Material to process
(* Let $\mathcal{A}$ be a complex Banach algebra with unity and $a,b\in\mathcal{A}$ with $ab=0$. Then $a$ and $b$ are both g$\pi$-Hirano invertible if and only if $a+b$ is g$\pi$-Hirano invertible.
   Context: $\mathcal{A}^{qnil}$ denotes the set of quasinilpotent elements of $\mathcal{A}$ (spectrum equal to $\{0\}$). An element $a\in\mathcal{A}$ is g$\pi$-Hirano invertible if there exists $x\in\mathcal{A}$ with $xax=x$, $ax=xa$ and $a-a^{n+2}x\in\mathcal{A}^{qnil}$ for some positive integer $n$. *)

theory Defs
  imports "HOL-Analysis.Analysis"
begin

class complex_banach_algebra_1 = real_normed_algebra_1 + banach +
  fixes scaleC :: "complex \<Rightarrow> 'a \<Rightarrow> 'a"
  assumes scaleC_add_right: "scaleC c (x + y) = scaleC c x + scaleC c y"
    and scaleC_add_left: "scaleC (c + d) x = scaleC c x + scaleC d x"
    and scaleC_scaleC: "scaleC c (scaleC d x) = scaleC (c * d) x"
    and scaleC_one: "scaleC 1 x = x"
    and scaleC_of_real: "scaleC (complex_of_real r) x = scaleR r x"
    and mult_scaleC_left: "scaleC c x * y = scaleC c (x * y)"
    and mult_scaleC_right: "x * scaleC c y = scaleC c (x * y)"
    and norm_scaleC: "norm (scaleC c x) = cmod c * norm x"

definition invertible_el :: "'a::ring_1 \<Rightarrow> bool" where
  "invertible_el x \<longleftrightarrow> (\<exists>y. x * y = 1 \<and> y * x = 1)"

definition spectrum :: "'a::complex_banach_algebra_1 \<Rightarrow> complex set" where
  "spectrum a = {z. \<not> invertible_el (scaleC z 1 - a)}"

definition quasinilpotent :: "'a::complex_banach_algebra_1 \<Rightarrow> bool" where
  "quasinilpotent a \<longleftrightarrow> spectrum a = {0}"

definition gpi_Hirano_invertible :: "'a::complex_banach_algebra_1 \<Rightarrow> bool" where
  "gpi_Hirano_invertible a \<longleftrightarrow>
     (\<exists>x. x * a * x = x \<and> a * x = x * a \<and>
          (\<exists>n::nat. n > 0 \<and> quasinilpotent (a - a ^ (n + 2) * x)))"

end

(*
  Everything is read off the spectrum.  An element a is g\<pi>-Hirano invertible iff its spectrum
  lies in {0} together with the n-th roots of unity, for some n > 0.  Given the inverse x, the
  idempotent p = a x splits a into a quasinilpotent part on the kernel of p and, on the range of
  p, an element whose difference with its (n + 1)-st power is quasinilpotent.  Conversely, by
  spectral mapping a ^ n - a ^ (2 n) is quasinilpotent, and the power series of
  (1 - 4 t) powr (-1/2) lifts a ^ n to an idempotent p with a ^ n - p quasinilpotent, from
  which the inverse is built.

  If a b = 0 then (t - a) (t - b) = t (t - (a + b)), so away from 0 the spectrum of a + b lies
  in the union of the spectra of a and b.  Conversely, off a finite set containing 0 and the
  spectrum of a + b, the same identity makes t - a right invertible and t - b left invertible,
  continuously in t, and connectedness of the complement upgrades both to invertibility.

  Quasinilpotence is used in its norm form, norm (e ^ m) <= r ^ m eventually for every r > 0.
  That the spectrum {0} forces this is shown without complex analysis, by averaging resolvents
  over the roots of unity.
*)

theory Submission
  imports Defs "HOL-Computational_Algebra.Formal_Power_Series"
begin

section \<open>Invertible elements\<close>

context complex_banach_algebra_1
begin

lemma scaleC_zero_left [simp]: "scaleC 0 x = 0"
  using scaleC_add_left[of 0 0 x] by simp

lemma scaleC_zero_right [simp]: "scaleC c 0 = 0"
  using scaleC_add_right[of c 0 0] by simp

lemma scaleC_minus_left: "scaleC (- c) x = - scaleC c x"
  using scaleC_add_left[of "- c" c x] by (simp add: eq_neg_iff_add_eq_0)

lemma scaleC_minus_right: "scaleC c (- x) = - scaleC c x"
  using scaleC_add_right[of c "- x" x] by (simp add: eq_neg_iff_add_eq_0)

lemma scaleC_diff_left: "scaleC (c - d) x = scaleC c x - scaleC d x"
  using scaleC_add_left[of c "- d" x] by (simp add: scaleC_minus_left)

lemma scaleC_diff_right: "scaleC c (x - y) = scaleC c x - scaleC c y"
  using scaleC_add_right[of c x "- y"] by (simp add: scaleC_minus_right)

lemma scaleC_sum_left: "scaleC (sum f S) x = (\<Sum>i\<in>S. scaleC (f i) x)"
  by (induction S rule: infinite_finite_induct) (auto simp: scaleC_add_left)

lemma scaleC_power: "(scaleC c x) ^ n = scaleC (c ^ n) (x ^ n)"
  by (induction n)
    (auto simp: scaleC_one mult_scaleC_left mult_scaleC_right scaleC_scaleC mult.commute)

lemma scaleC_one_mult [simp]: "scaleC c 1 * x = scaleC c x" "x * scaleC c 1 = scaleC c x"
  by (simp_all add: mult_scaleC_left mult_scaleC_right)

lemma scaleC_cancel: "c \<noteq> 0 \<Longrightarrow> scaleC (inverse c) (scaleC c x) = x"
  by (simp add: scaleC_scaleC scaleC_one)

lemma scaleC_one_diff_eq: "c \<noteq> 0 \<Longrightarrow> scaleC c 1 - x = scaleC c (1 - scaleC (inverse c) x)"
  by (simp add: scaleC_diff_right scaleC_scaleC scaleC_one)

end

lemma bounded_linear_scaleC_left:
  "bounded_linear (\<lambda>c. scaleC c (x::'a::complex_banach_algebra_1))"
proof (rule bounded_linear_intro[where K = "norm x"])
  fix c d :: complex and r :: real
  show "scaleC (c + d) x = scaleC c x + scaleC d x" by (rule scaleC_add_left)
  show "scaleC (r *\<^sub>R c) x = r *\<^sub>R scaleC c x"
    by (simp add: scaleR_conv_of_real scaleC_scaleC[symmetric] scaleC_of_real)
  show "norm (scaleC c x) \<le> norm c * norm x" by (simp add: norm_scaleC)
qed

lemma continuous_on_scaleC_left [continuous_intros]:
  "continuous_on S f \<Longrightarrow> continuous_on S (\<lambda>t. scaleC (f t) (x::'a::complex_banach_algebra_1))"
  using bounded_linear.continuous_on[OF bounded_linear_scaleC_left] .

definition inverse_el :: "'a::ring_1 \<Rightarrow> 'a" where
  "inverse_el x = (SOME y. x * y = 1 \<and> y * x = 1)"

lemma invertible_elI: "x * y = 1 \<Longrightarrow> y * x = 1 \<Longrightarrow> invertible_el x"
  unfolding invertible_el_def by blast

lemma
  assumes "invertible_el x"
  shows right_inverse_el [simp]: "x * inverse_el x = 1"
    and left_inverse_el [simp]: "inverse_el x * x = 1"
  using someI_ex[OF assms[unfolded invertible_el_def]] unfolding inverse_el_def by auto

lemma inverse_el_eq_right:
  assumes "invertible_el x" "x * y = 1"
  shows "inverse_el x = y"
  by (metis assms left_inverse_el mult.assoc mult_1_left mult_1_right)

lemma inverse_el_eq_left:
  assumes "invertible_el x" "y * x = 1"
  shows "inverse_el x = y"
  by (metis assms right_inverse_el mult.assoc mult_1_left mult_1_right)

lemma invertible_el_one [simp]: "invertible_el (1::'a::ring_1)"
  by (rule invertible_elI[of 1 1]) simp_all

lemma invertible_el_mult:
  fixes x y :: "'a::ring_1"
  assumes "invertible_el x" "invertible_el y"
  shows "invertible_el (x * y)"
proof (rule invertible_elI)
  show "x * y * (inverse_el y * inverse_el x) = 1"
    by (simp add: assms mult.assoc flip: mult.assoc[of y])
  show "inverse_el y * inverse_el x * (x * y) = 1"
    by (simp add: assms mult.assoc flip: mult.assoc[of "inverse_el x"])
qed

lemma invertible_el_power: "invertible_el (x::'a::ring_1) \<Longrightarrow> invertible_el (x ^ n)"
  by (induction n) (simp_all add: invertible_el_mult)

What the exercise asks
Each line above that has the word "imports" should be copied.

Response area
  imports "HOL-Analysis.Analysis"
  imports Defs "HOL-Computational_Algebra.Formal_Power_Series"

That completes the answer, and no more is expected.